THOMSON REUTERS FOUNDATION
Photo by THOMSON REUTERS FOUNDATION
Halima Sheikh Ali is the proud owner of one of the few ATMs in Wajir town in northeast Kenya. But rather than doling out shilling notes, it dispenses something tastier: fresh camel milk.
“For 100 Kenyan shillings [$1], you get a liter of the freshest milk in Wajir County,” she said, opening a vending machine advertising “fresh, hygienic and affordable camel milk” to check the liquid’s temperature.
East Africa, one of the world’s biggest camel producers, also produces much of the world’s camel milk, almost all of it consumed domestically.
“Camel milk is everything,” said Noor Abdullahi, a project officer for U.S.-based aid agency Mercy Corps. “It is good for diabetes, blood pressure and indigestion.”
But temperatures averaging 40 degrees Celsius in the dry season, combined with the risk of dirty collection containers, mean the liquid can go sour in a matter of hours. To remedy this, an initiative is equipping about 50 women in Hadado, a village 80 kilometers from Wajir, with refrigerators to cool the milk that remote camel herders send them via small taxis, plus a van to transport it daily to Wajir. There, a dozen female milk traders, including Sheikh Ali, sell it through four ATM-like vending machines after receiving training on business skills such as accounting.
“The [milk] supply and demand are there,” Abdullahi said. “We just have to make it easier for the milk to get from one point to another.”
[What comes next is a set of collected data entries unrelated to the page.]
text \<open>Since s grows at most linearly, the claimed bound can first fail only at some n > 3m; there
  the bound at all earlier indices makes the right-hand side of the recursion too small.\<close>

lemma moment_recursion_bound:
  fixes s :: "nat \<Rightarrow> real" and A :: real and m :: nat
  assumes m: "1 \<le> m" and nonneg: "\<And>k. 0 \<le> s k" and linear: "\<And>k. s k \<le> real k * A"
    and recursion: "\<And>n. s n ^ (2*m)
      \<le> real m * (2 * real m - 1) * A\<^sup>2 * (\<Sum>j=1..n. max (s j) (s (j-1)) ^ (2*m-2))"
  shows "s n ^ 2 \<le> 3 * real m * real n * A\<^sup>2"
proof (induct n rule: less_induct)
  case (less n)
  let ?c = "3 * real m"
  show ?case
  proof (cases "real n \<le> ?c")
    case True
    have "s n ^ 2 \<le> (real n * A) ^ 2" using linear[of n] nonneg[of n] by (intro power_mono) auto
    also have "\<dots> = real n * (real n * A\<^sup>2)" by (simp add: power2_eq_square)
    also have "\<dots> \<le> ?c * (real n * A\<^sup>2)" using True by (intro mult_right_mono) auto
    finally show ?thesis by (simp add: mult.assoc)
  next
    case False
    show ?thesis
    proof (rule ccontr)
      assume "\<not> ?thesis"
      then have big: "?c * real n * A\<^sup>2 < s n ^ 2" by simp
      have n: "1 \<le> n" using False m by (cases n) auto
      have "s (n-1) ^ 2 \<le> ?c * real (n-1) * A\<^sup>2" by (rule less) (use n in auto)
      also have "\<dots> \<le> ?c * real n * A\<^sup>2" by (intro mult_right_mono mult_left_mono) auto
      finally have "s (n-1) ^ 2 < s n ^ 2" using big by simp
      then have "s (n-1) < s n" using nonneg[of n] by (rule power_less_imp_less_base)
      moreover have "{1..n} = insert n {1..n-1}" using n by auto
      ultimately have split: "(\<Sum>j=1..n. max (s j) (s (j-1)) ^ (2*m-2))
          = s n ^ (2*m-2) + (\<Sum>j=1..n-1. max (s j) (s (j-1)) ^ (2*m-2))"
        using n by simp
      have "(\<Sum>j=1..n-1. max (s j) (s (j-1)) ^ (2*m-2)) \<le> (?c * A\<^sup>2) ^ (m-1) * (real n ^ m / real m)"
        using less m nonneg by (intro sum_max_power_le) auto
      also have "\<dots> = (real n / real m) * (?c * real n * A\<^sup>2) ^ (m-1)"
        using m by (cases m) (simp_all add: power_mult_distrib)
      also have "\<dots> \<le> (real n / real m) * s n ^ (2*m-2)"
        unfolding power_two_mult_minus_two using big by (intro mult_left_mono power_mono) auto
      finally have rest: "(\<Sum>j=1..n-1. max (s j) (s (j-1)) ^ (2*m-2)) \<le> (real n / real m) * s n ^ (2*m-2)" .
      have coefficient: "0 \<le> real m * (2 * real m - 1) * A\<^sup>2" using m by simp
      have "s n ^ 2 * s n ^ (2*m-2) = s n ^ (2*m)"
        using m by (metis power_add le_add_diff_inverse mult_le_mono2 mult_1_right)
      also have "\<dots> \<le> real m * (2 * real m - 1) * A\<^sup>2 * (s n ^ (2*m-2) + (real n / real m) * s n ^ (2*m-2))"
        using recursion[of n] unfolding split
        by (rule order_trans) (intro mult_left_mono add_left_mono rest coefficient)
      also have "\<dots> = ((2 * real m - 1) * (real m + real n) * A\<^sup>2) * s n ^ (2*m-2)"
        using m by (simp add: field_simps)
      finally have "s n ^ 2 * s n ^ (2*m-2) \<le> ((2 * real m - 1) * (real m + real n) * A\<^sup>2) * s n ^ (2*m-2)" .
      moreover have "0 < s n ^ (2*m-2)"
      proof -
        have "0 < s n ^ 2" by (rule le_less_trans[OF _ big]) simp
        then show ?thesis unfolding power_two_mult_minus_two by simp
      qed
      ultimately have "s n ^ 2 \<le> (2 * real m - 1) * (real m + real n) * A\<^sup>2" by simp
      also have "\<dots> \<le> ?c * real n * A\<^sup>2"
      proof (intro mult_right_mono)
        have "real m * (2 * real m - 1) \<le> (real m + 1) * (3 * real m)" using m by (simp add: algebra_simps)
        also have "\<dots> \<le> (real m + 1) * real n" using False by (intro mult_left_mono) auto
        finally show "(2 * real m - 1) * (real m + real n) \<le> ?c * real n" by (simp add: algebra_simps)
      qed simp
      finally show False using big by simp
    qed
  qed
qed

lemma square_add_double_mult_le:
  fixes a b c :: real
  assumes "0 \<le> a" "0 \<le> b" "a + b \<le> c"
  shows "a\<^sup>2 + 2 * a * b \<le> c\<^sup>2"
proof -
  have "a\<^sup>2 + 2 * a * b \<le> (a + b)\<^sup>2" by (simp add: power2_eq_square algebra_simps)
  also have "\<dots> \<le> c\<^sup>2" using assms by (intro power_mono) auto
  finally show ?thesis .
qed

lemma power_sum_le_card_mult_sum_power:
  fixes y :: "'d::finite \<Rightarrow> real"
  assumes "\<And>c. 0 \<le> y c" "1 \<le> m"
  shows "(\<Sum>c\<in>UNIV. y c) ^ m \<le> real CARD('d) ^ (m-1) * (\<Sum>c\<in>UNIV. y c ^ m)"
proof -
  define d where "d = real CARD('d)"
  have d: "d > 0" unfolding d_def by simp
  have convex: "convex_on {0::real..} (\<lambda>x. x ^ m)"
    by (cases "even m") (auto intro: convex_power_odd convex_on_subset[OF convex_power_even])
  have "(\<Sum>c\<in>UNIV. (1/d) *\<^sub>R y c) ^ m \<le> (\<Sum>c\<in>UNIV. (1/d) * y c ^ m)"
    by (rule convex_on_sum[OF _ _ convex]) (use assms d in \<open>auto simp: d_def\<close>)
  then have jensen: "((\<Sum>c\<in>UNIV. y c) / d) ^ m \<le> (\<Sum>c\<in>UNIV. y c ^ m) / d"
    by (simp add: sum_divide_distrib)
  have "(\<Sum>c\<in>UNIV. y c) ^ m = d ^ m * ((\<Sum>c\<in>UNIV. y c) / d) ^ m"
    using d by (simp add: power_divide)
  also have "\<dots> \<le> d ^ m * ((\<Sum>c\<in>UNIV. y c ^ m) / d)"
    using jensen d by (intro mult_left_mono) auto
  also have "\<dots> = d ^ (m-1) * (\<Sum>c\<in>UNIV. y c ^ m)"
    using d assms(2) by (cases m) auto
  finally show ?thesis unfolding d_def .
qed

lemma norm_power_le_sum_component_power:
  fixes v :: "real ^ 'd"
  assumes "1 \<le> m"
  shows "norm v ^ (2*m) \<le> real CARD('d) ^ (m-1) * (\<Sum>c\<in>UNIV. (v $ c) ^ (2*m))"
proof -
  have "norm v ^ 2 = (\<Sum>c\<in>UNIV. (v $ c) ^ 2)"
    unfolding norm_vec_def L2_set_def by (simp add: sum_nonneg)
  then have "norm v ^ (2*m) = (\<Sum>c\<in>UNIV. (v $ c) ^ 2) ^ m" by (simp add: power_mult)
  also have "\<dots> \<le> real CARD('d) ^ (m-1) * (\<Sum>c\<in>UNIV. ((v $ c) ^ 2) ^ m)"
    by (rule power_sum_le_card_mult_sum_power) (use assms in auto)
  finally show ?thesis by (simp add: power_mult)
qed

lemma one_plus_inverse_power_le_3: "1 \<le> m \<Longrightarrow> (1 + 1 / real m) ^ m \<le> 3"
  using exp_ge_one_plus_x_over_n_power_n[of m 1] e_less_272 by simp

lemma three_mult_power_le_fact: "1 \<le> m \<Longrightarrow> (3 * real m) ^ m \<le> 3 * fact (2*m)"
proof (induct m rule: dec_induct)
  case (step m)
  show ?case
  proof (cases "m = 1")
    case False
    then have m: "2 \<le> m" using step(1) by simp
    have "3 * real (Suc m) = 3 * real m * (1 + 1 / real m)" using m by (simp add: field_simps)
    then have "(3 * real (Suc m)) ^ Suc m = 3 * real (Suc m) * ((3 * real m) ^ m * (1 + 1 / real m) ^ m)"
      by (metis power_Suc power_mult_distrib)
    also have "\<dots> \<le> 3 * real (Suc m) * (3 * fact (2*m) * 3)"
      using step(3) one_plus_inverse_power_le_3[OF step(1)] by (intro mult_left_mono mult_mono) auto
    also have "\<dots> \<le> 3 * ((real (2*m) + 2) * (real (2*m) + 1) * fact (2*m))"
    proof -
      have "2 * real m \<le> real m * real m" using m by (intro mult_right_mono) auto
      then have "9 * real m + 9 \<le> 4 * (real m * real m) + 6 * real m + 2" using m by linarith
      then have "9 * real (Suc m) \<le> (real (2*m) + 2) * (real (2*m) + 1)"
        by (simp add: algebra_simps)
      then show ?thesis by (simp add: mult_right_mono mult_ac)
    qed
    also have "\<dots> = 3 * fact (2 * Suc m)" by (simp add: algebra_simps)
    finally show ?thesis .
  qed (simp add: numeral_eq_Suc)
qed (simp add: numeral_eq_Suc)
Asha Abdi, a milk trader in Hadado who operates one of the refrigerators with 11 other women, said she used to have to boil camel’s milk — using costly firewood — to keep it from turning sour. Now, Abdi and the other women in her group send about 500 liters of fresh milk to Wajir every day — a trip that takes just more than an hour by van. They reinvest the profits in other ventures.